Difficulty: Medium, Asked-in: Microsoft, Google, Amazon, Yahoo, Samsung
Key Takeaways
You are given an array X[] consisting of n elements, write a program to find the majority element in an array i.e. return the number which appears more than n/2 times.
Input: X[] = [2, 12, 2, 2, 2, 4, 2], Output: 2
Explanation: 2 is the majority element which appears 5 times.
Input: X[] = [4, 3, 4], Output: 4
Input: X[] = [1, 1, 1, 1, 1, 1], Output: 1
A basic approach would be to check whether each element is the majority element or not. We can use two nested loops where outer loop iterates over array and inner loop count occurrences of each element.

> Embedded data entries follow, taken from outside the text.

lemma chi_via_delta_CV: "(\<nu> \<otimes> \<gamma>) \<cdot> \<Delta> = \<chi>"
proof -
  have comult_chi: "(\<one> V \<otimes> \<delta> \<otimes> \<one> V) \<cdot> (\<chi> \<otimes> \<one> V)
      = (\<chi> \<otimes> \<one> (C \<odot> V)) \<cdot> (\<one> C \<otimes> \<chi> \<otimes> \<one> V) \<cdot> (\<delta> \<otimes> \<one> (V \<odot> V))"
    using whisker_eq[OF chi_comult, of K V] by simp
  have slide_upsilon: "(\<one> (V \<odot> C) \<otimes> \<upsilon>) \<cdot> (\<chi> \<otimes> \<one> (C \<odot> V)) = \<chi> \<cdot> (\<one> (C \<odot> V) \<otimes> \<upsilon>)"
    using tensor_slide[of \<chi> \<upsilon>] by simp
  have "(\<nu> \<otimes> \<gamma>) \<cdot> \<Delta> = whisker (V\<odot>C) \<upsilon> K \<cdot> whisker V \<delta> V \<cdot> whisker V \<epsilon> (C\<odot>V) \<cdot> whisker K \<chi> (C\<odot>V)
      \<cdot> whisker C \<chi> V \<cdot> whisker (C\<odot>C) \<tau> K \<cdot> whisker K \<delta> (C\<odot>V) \<cdot> whisker K \<delta> V"
    by (simp add: gamma_eq delta_CV_eq tensor_factor_left_first[of \<nu> "(\<one> C \<otimes> \<upsilon>) \<cdot> (\<delta> \<otimes> \<one> V)"]
        tensor_factor_left_first[of \<delta> \<tau>])
  also have "\<dots> = whisker (V\<odot>C) \<upsilon> K \<cdot> whisker V \<delta> V \<cdot> whisker K \<chi> V \<cdot> whisker C \<tau> K \<cdot> whisker K \<delta> V"
    by (simp add: comult_tensor_tau[THEN comp_prefix2] counit_chi_comult[THEN comp_prefix4])
  also have "\<dots> = \<chi> \<cdot> whisker (C\<odot>V) \<upsilon> K \<cdot> whisker C \<chi> V \<cdot> whisker (C\<odot>C) \<tau> K \<cdot> whisker K \<delta> (C\<odot>V)
      \<cdot> whisker K \<delta> V"
    by (simp add: comult_chi[THEN comp_prefix2] slide_upsilon[THEN comp_prefix2]
        comult_tensor_tau[symmetric, THEN comp_prefix2])
  also have "\<dots> = \<chi> \<cdot> ((\<one> C \<otimes> ((\<one> V \<otimes> \<upsilon>) \<cdot> (\<chi> \<otimes> \<one> V) \<cdot> (\<one> C \<otimes> \<tau>) \<cdot> (\<delta> \<otimes> \<one> V))) \<cdot> (\<delta> \<otimes> \<one> V))"
    by (simp add: comult_twice_tensor_Id)
  also have "\<dots> = \<chi> \<cdot> ((\<one> C \<otimes> \<nu>) \<cdot> (\<delta> \<otimes> \<one> V))"
    by (simp only: precounit_chi_tau counit_tensor_Id_Gamma)
  also have "\<dots> = \<chi> \<cdot> \<Gamma>"
    by (simp add: Gamma_eq)
  also have "\<dots> = \<chi>"
    by (simp add: chi_Gamma)
  finally show ?thesis .
qed

lemma tau_via_delta_CV: "(\<nu> \<otimes> \<nu>) \<cdot> \<Delta> = \<tau>"
proof -
  have slide_counit: "(\<one> (V \<odot> V) \<otimes> \<epsilon>) \<cdot> (\<tau> \<otimes> \<one> C) = \<tau> \<cdot> (\<one> (C \<odot> V) \<otimes> \<epsilon>)"
    using tensor_slide[of \<tau> \<epsilon>] by simp
  have "(\<nu> \<otimes> \<nu>) \<cdot> \<Delta> = whisker (V\<odot>V) \<epsilon> K \<cdot> whisker V \<chi> K \<cdot> whisker V \<epsilon> (C\<odot>V) \<cdot> whisker K \<chi> (C\<odot>V)
      \<cdot> whisker C \<chi> V \<cdot> whisker (C\<odot>C) \<tau> K \<cdot> whisker K \<delta> (C\<odot>V) \<cdot> whisker K \<delta> V"
    by (simp add: delta_CV_eq tensor_factor_left_first[of \<nu> \<nu>] tensor_factor_left_first[of \<delta> \<tau>])
  also have "\<dots> = (\<one> (V \<odot> V) \<otimes> \<epsilon>) \<cdot> ((\<one> V \<otimes> \<chi>) \<cdot> (\<chi> \<otimes> \<one> V) \<cdot> (\<one> C \<otimes> \<tau>) \<cdot> (\<delta> \<otimes> \<one> V))"
    by (simp add: comult_tensor_tau[THEN comp_prefix2] counit_chi_comult[THEN comp_prefix4])
  also have "\<dots> = (\<one> (V \<odot> V) \<otimes> \<epsilon>) \<cdot> ((\<tau> \<otimes> \<one> C) \<cdot> (\<one> C \<otimes> \<chi>) \<cdot> (\<delta> \<otimes> \<one> V))"
    by (simp only: twisted)
  also have "\<dots> = \<tau> \<cdot> \<Gamma>"
    by (simp add: Gamma_eq slide_counit[THEN comp_prefix2])
  also have "\<dots> = \<tau>"
    by (simp add: tau_Gamma)
  finally show ?thesis .
qed

end

locale wcc_cone = weak_crossed_coproduct M C V \<delta> \<epsilon> \<chi> \<tau> \<upsilon>
  for M :: "('o, 'm) moncat" and C V \<delta> \<epsilon> \<chi> \<tau> \<upsilon> +
  fixes D :: 'o and \<delta>D \<epsilon>D pC pV :: 'm
  assumes coalgebra_D: "coalgebra M D \<delta>D \<epsilon>D"
    and pC_coalgebra_morphism: "coalgebra_morphism M D \<delta>D \<epsilon>D C \<delta> \<epsilon> pC"
    and pV_hom: "hom M pV D V"
begin

text \<open>The pairing \<open>(pC \<otimes> pV) \<cdot> \<delta>D\<close>, in the factored form that the simplifier works with.\<close>
abbreviation pairing where "pairing \<equiv> (pC \<otimes> \<one> V) \<cdot> (\<one> D \<otimes> pV) \<cdot> \<delta>D"

lemma cone_types [simp]:
  "arr \<delta>D" "dom \<delta>D = D" "cod \<delta>D = D \<odot> D" "arr \<epsilon>D" "dom \<epsilon>D = D" "cod \<epsilon>D = K"
  "arr pC" "dom pC = D" "cod pC = C" "arr pV" "dom pV = D" "cod pV = V"
  using coalgebra_D pC_coalgebra_morphism pV_hom
  by (auto simp: coalgebra_def coalgebra_morphism_def hom_def)

lemma coassoc_D: "(\<delta>D \<otimes> \<one> D) \<cdot> \<delta>D = (\<one> D \<otimes> \<delta>D) \<cdot> \<delta>D"
  and counit_left_D: "(\<epsilon>D \<otimes> \<one> D) \<cdot> \<delta>D = \<one> D"
  and counit_right_D: "(\<one> D \<otimes> \<epsilon>D) \<cdot> \<delta>D = \<one> D"
  using coalgebra_D by (auto simp: coalgebra_def)

lemma pC_comult: "\<delta> \<cdot> pC = (pC \<otimes> \<one> C) \<cdot> (\<one> D \<otimes> pC) \<cdot> \<delta>D"
  using pC_coalgebra_morphism
  by (simp add: coalgebra_morphism_def tensor_factor_right_first[of pC pC])

lemma pC_counit: "\<epsilon> \<cdot> pC = \<epsilon>D"
  using pC_coalgebra_morphism by (simp add: coalgebra_morphism_def)

lemma pairing_eq: "pairing = (pC \<otimes> pV) \<cdot> \<delta>D"
  by (simp add: tensor_factor_right_first[of pC pV])

lemma Id_tensor_comult_pairing:
  assumes "arr F" "dom F = C \<odot> V"
  shows "(\<one> C \<otimes> F) \<cdot> ((\<delta> \<otimes> \<one> V) \<cdot> pairing) = (pC \<otimes> \<one> (cod F)) \<cdot> ((\<one> D \<otimes> (F \<cdot> pairing)) \<cdot> \<delta>D)"
proof -
  have comult_pC: "(\<delta> \<otimes> \<one> V) \<cdot> (pC \<otimes> \<one> V)
      = (pC \<otimes> \<one> (C \<odot> V)) \<cdot> (\<one> D \<otimes> pC \<otimes> \<one> V) \<cdot> (\<delta>D \<otimes> \<one> V)"
    using whisker_eq[OF pC_comult, of K V] by simp
  have slide_pV: "(\<delta>D \<otimes> \<one> V) \<cdot> (\<one> D \<otimes> pV) = (\<one> (D \<odot> D) \<otimes> pV) \<cdot> (\<delta>D \<otimes> \<one> D)"
    using tensor_slide[of \<delta>D pV] by simp
  have slide_F: "(\<one> C \<otimes> F) \<cdot> (pC \<otimes> \<one> (C \<odot> V)) = (pC \<otimes> \<one> (cod F)) \<cdot> (\<one> D \<otimes> F)"
    using tensor_slide[of pC F] assms by simp
  show ?thesis
    using assms by (simp add: comult_pC[THEN comp_prefix2] slide_pV[THEN comp_prefix2] coassoc_D
        slide_F[THEN comp_prefix2])
qed

lemma counit_tensor_Id_pairing: "(\<epsilon> \<otimes> \<one> V) \<cdot> pairing = pV"
proof -
  have slide: "(\<epsilon>D \<otimes> \<one> V) \<cdot> (\<one> D \<otimes> pV) = pV \<cdot> (\<epsilon>D \<otimes> \<one> D)"
    using tensor_slide[of \<epsilon>D pV] by simp
  have "(\<epsilon> \<otimes> \<one> V) \<cdot> pairing = ((\<epsilon> \<cdot> pC) \<otimes> \<one> V) \<cdot> (\<one> D \<otimes> pV) \<cdot> \<delta>D"
    by simp
  also have "\<dots> = pV \<cdot> ((\<epsilon>D \<otimes> \<one> D) \<cdot> \<delta>D)"
    by (simp add: pC_counit slide[THEN comp_prefix2])
  also have "\<dots> = pV"
    by (simp add: counit_left_D)
  finally show ?thesis .
qed

end

locale wcc_compatible_cone = wcc_cone +
  assumes upsilon_pairing: "\<upsilon> \<cdot> pairing = \<epsilon>D"
    and chi_pairing: "\<chi> \<cdot> pairing = (pV \<otimes> pC) \<cdot> \<delta>D"
    and tau_pairing: "\<tau> \<cdot> pairing = (pV \<otimes> pV) \<cdot> \<delta>D"
begin

lemma gamma_pairing: "\<gamma> \<cdot> pairing = pC"
proof -
  have "\<gamma> \<cdot> pairing = (\<one> C \<otimes> \<upsilon>) \<cdot> ((\<delta> \<otimes> \<one> V) \<cdot> pairing)"
    by (simp add: gamma_eq)
  also have "\<dots> = pC \<cdot> ((\<one> D \<otimes> (\<upsilon> \<cdot> pairing)) \<cdot> \<delta>D)"
    using Id_tensor_comult_pairing[of \<upsilon>] by simp
  also have "\<dots> = pC"
    by (simp add: upsilon_pairing counit_right_D)
  finally show ?thesis .
qed

lemma nu_pairing: "\<nu> \<cdot> pairing = pV"
proof -
  have slide: "(\<one> V \<otimes> \<epsilon>) \<cdot> (pV \<otimes> \<one> C) = pV \<cdot> (\<one> D \<otimes> \<epsilon>)"
    using tensor_slide[of pV \<epsilon>] by simp
  have "\<nu> \<cdot> pairing = (\<one> V \<otimes> \<epsilon>) \<cdot> ((pV \<otimes> \<one> C) \<cdot> (\<one> D \<otimes> pC) \<cdot> \<delta>D)"
    using chi_pairing by (simp add: tensor_factor_right_first[of pV pC])
  also have "\<dots> = pV \<cdot> ((\<one> D \<otimes> (\<epsilon> \<cdot> pC)) \<cdot> \<delta>D)"
    by (simp add: slide[THEN comp_prefix2])
  also have "\<dots> = pV"
    by (simp add: pC_counit counit_right_D)
  finally show ?thesis .
qed

lemma Gamma_pairing: "\<Gamma> \<cdot> pairing = pairing"
proof -
  have "\<Gamma> \<cdot> pairing = (\<one> C \<otimes> \<nu>) \<cdot> ((\<delta> \<otimes> \<one> V) \<cdot> pairing)"
    by (simp add: Gamma_eq)
  also have "\<dots> = (pC \<otimes> \<one> V) \<cdot> ((\<one> D \<otimes> (\<nu> \<cdot> pairing)) \<cdot> \<delta>D)"
    using Id_tensor_comult_pairing[of \<nu>] by simp
  also have "\<dots> = pairing"
    by (simp only: nu_pairing)
  finally show ?thesis .
qed

lemma delta_CV_tail_pairing:
  "\<Delta>\<^sub>0 \<cdot> pairing = (\<one> (V \<odot> C) \<otimes> pV) \<cdot> (pV \<otimes> \<one> (C \<odot> D)) \<cdot> (\<one> D \<otimes> pC \<otimes> \<one> D) \<cdot> (\<delta>D \<otimes> \<one> D) \<cdot> \<delta>D"
proof -
  have slide1: "(\<one> D \<otimes> pV \<otimes> \<one> V) \<cdot> (\<one> (D \<odot> D) \<otimes> pV) = (\<one> (D \<odot> V) \<otimes> pV) \<cdot> (\<one> D \<otimes> pV \<otimes> \<one> D)"
    using whisker_eq[OF tensor_slide[of pV pV], of D K] by simp
  have slide2: "(pC \<otimes> \<one> (V \<odot> V)) \<cdot> (\<one> (D \<odot> V) \<otimes> pV) = (\<one> (C \<odot> V) \<otimes> pV) \<cdot> (pC \<otimes> \<one> (V \<odot> D))"
    using tensor_slide[of pC "\<one> V \<otimes> pV"] by simp
  have slide3: "(\<chi> \<otimes> \<one> V) \<cdot> (\<one> (C \<odot> V) \<otimes> pV) = (\<one> (V \<odot> C) \<otimes> pV) \<cdot> (\<chi> \<otimes> \<one> D)"
    using tensor_slide[of \<chi> pV] by simp
  have chi_pairing': "\<chi> \<cdot> pairing = (pV \<otimes> \<one> C) \<cdot> (\<one> D \<otimes> pC) \<cdot> \<delta>D"
    using chi_pairing by (simp add: tensor_factor_right_first[of pV pC])
  have chi_pairing_D: "(\<chi> \<otimes> \<one> D) \<cdot> (pC \<otimes> \<one> (V \<odot> D)) \<cdot> (\<one> D \<otimes> pV \<otimes> \<one> D) \<cdot> (\<delta>D \<otimes> \<one> D)
      = (pV \<otimes> \<one> (C \<odot> D)) \<cdot> (\<one> D \<otimes> pC \<otimes> \<one> D) \<cdot> (\<delta>D \<otimes> \<one> D)"
    using whisker_eq[OF chi_pairing', of K D] by simp
  have "\<Delta>\<^sub>0 \<cdot> pairing = (\<chi> \<otimes> \<one> V) \<cdot> ((\<one> C \<otimes> \<tau>) \<cdot> ((\<delta> \<otimes> \<one> V) \<cdot> pairing))"
    by simp
  also have "\<dots> = (\<chi> \<otimes> \<one> V) \<cdot> ((pC \<otimes> \<one> (V \<odot> V)) \<cdot> ((\<one> D \<otimes> (\<tau> \<cdot> pairing)) \<cdot> \<delta>D))"
    using Id_tensor_comult_pairing[of \<tau>] by simp
  also have "\<dots> = (\<chi> \<otimes> \<one> V) \<cdot> ((pC \<otimes> \<one> (V \<odot> V)) \<cdot> ((\<one> D \<otimes> ((pV \<otimes> \<one> V) \<cdot> (\<one> D \<otimes> pV) \<cdot> \<delta>D)) \<cdot> \<delta>D))"
    by (simp add: tau_pairing tensor_factor_right_first[of pV pV])
  also have "\<dots> = (\<one> (V \<odot> C) \<otimes> pV) \<cdot> (pV \<otimes> \<one> (C \<odot> D)) \<cdot> (\<one> D \<otimes> pC \<otimes> \<one> D) \<cdot> (\<delta>D \<otimes> \<one> D) \<cdot> \<delta>D"
    by (simp add: slide1[THEN comp_prefix2] slide2[THEN comp_prefix2] slide3[THEN comp_prefix2]
        coassoc_D[symmetric] chi_pairing_D[THEN comp_prefix4])
  finally show ?thesis .
qed
lemma tilted_mass_eq:
  assumes lam: "0 < lam" and r: "0 < r"
  shows "tilted_mass lam r n k v = ennreal (tilted_mass_formula lam r n k v)"
proof (induction n arbitrary: k v)
  case 0
  have "tilted_mass lam r 0 k v = (if k = 0 \<and> 0 \<le> v then 1 else 0)"
    unfolding tilted_mass_def tilted_weight_def exponential_product_def count_above_def trunc_sum_def
    by (auto simp: PiM_empty nn_integral_count_space_finite)
  then show ?case
    by (cases k) (auto simp: tilted_mass_formula_def irwin_hall_def truncated_power_def)
next
  case (Suc n)
  define c where "c = real (n choose k) * lam ^ (n - k)"
  have "((\<lambda>y. tilted_mass_formula lam r n k (v - y)) has_integral
      c * irwin_hall r (Suc (n - k)) (v - real k * r)) {0..r}"
    unfolding tilted_mass_formula_def c_def
    using has_integral_mult_right[OF irwin_hall_has_integral[of r "n - k" "v - real k * r"], of c] r
    by (simp add: algebra_simps c_def)
  then have "(\<integral>\<^sup>+y. indicator {0..r} y * tilted_mass lam r n k (v - y) \<partial>lborel)
      = ennreal (c * irwin_hall r (Suc (n - k)) (v - real k * r))"
    unfolding Suc.IH
    by (subst mult.commute, intro nn_integral_has_integral_lebesgue')
       (use tilted_mass_formula_nonneg lam r in auto)
  moreover have "0 \<le> c * irwin_hall r (Suc (n - k)) (v - real k * r)"
    using irwin_hall_nonneg[of r] lam r by (simp add: c_def)
  ultimately show ?case
    unfolding tilted_mass_Suc[OF lam r] Suc.IH tilted_mass_formula_Suc[symmetric] c_def
    using tilted_mass_formula_nonneg lam r
    by (auto simp: ennreal_plus[symmetric] ennreal_mult[symmetric] simp del: ennreal_plus)
qed

lemma tilted_mass_formula_mono:
  assumes "0 < lam" "0 < r" "v \<le> w"
  shows "tilted_mass_formula lam r n k v \<le> tilted_mass_formula lam r n k w"
proof -
  have "tilted_mass lam r n k v \<le> tilted_mass lam r n k w"
    unfolding tilted_mass_def tilted_weight_def using assms(3) by (intro nn_integral_mono) auto
  then show ?thesis
    using tilted_mass_formula_nonneg assms by (simp add: tilted_mass_eq)
qed

lemma emeasure_exponential_min_greater:
  assumes "0 < lam" "0 \<le> w"
  shows "emeasure (exponential_measure lam) {y. w < min y r}
       = (if w < r then ennreal (exp (- w * lam)) else 0)"
proof (cases "w < r")
  case True
  then have "{y. w < min y r} = {w<..}" by auto
  then show ?thesis using True emeasure_exponential_greater[OF assms] by simp
qed simp

lemma ennreal_eq_diff_if_add:
  assumes "a + ennreal b = ennreal c" "0 \<le> b"
  shows "a = ennreal (c - b)"
proof -
  have "a = a + ennreal b - ennreal b" by (simp add: ennreal_add_diff_cancel_right)
  also have "\<dots> = ennreal (c - b)" using assms by (simp add: ennreal_minus)
  finally show ?thesis .
qed

lemma tilted_mass_window:
  assumes lam: "0 < lam" and r: "0 < r"
  shows "(\<integral>\<^sup>+x. (if count_above r n x = real k \<and> t - r < trunc_sum r n x \<and> trunc_sum r n x \<le> t
             then ennreal (exp (lam * trunc_sum r n x)) else 0) \<partial>exponential_product lam n)
       = ennreal (tilted_mass_formula lam r n k t - tilted_mass_formula lam r n k (t - r))"
    (is "?J = _")
proof (rule ennreal_eq_diff_if_add)
  have "?J + tilted_mass lam r n k (t - r) = tilted_mass lam r n k t"
    unfolding tilted_mass_def tilted_weight_def exponential_product_def using r
    by (subst nn_integral_add[symmetric]) (auto intro!: nn_integral_cong)
  then show "?J + ennreal (tilted_mass_formula lam r n k (t - r)) = ennreal (tilted_mass_formula lam r n k t)"
    by (simp add: tilted_mass_eq[OF lam r])
qed (use tilted_mass_formula_nonneg lam r in auto)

If we found an element with frequency greater than n/2, that’s our majority element.
int getMajority(int X[], int n)
{
for (int i = 0; i < n; i = i + 1)
{
int majorityCount = 0;
for (int j = 0; j < n; j = j + 1)
{
if (X[i] == X[j])
majorityCount = majorityCount + 1;
}
if (majorityCount > n/2)
return X[i];
}
}
def getMajority(X, n):
for i in range(n):
majorityCount = 0
for j in range(n):
if X[i] == X[j]:
majorityCount = majorityCount + 1
if majorityCount > n/2:
return X[i]
We are running two nested loops where each loop is running n times. Time complexity = O(n²), Space complexity = O(1). Can we improve time complexity further? Think!
Given in the problem statement, the majority element always exists in array. So if we sort the array in increasing order, then the majority element will get grouped on adjacent indices. Can we access the majority element directly in sorted array? Think!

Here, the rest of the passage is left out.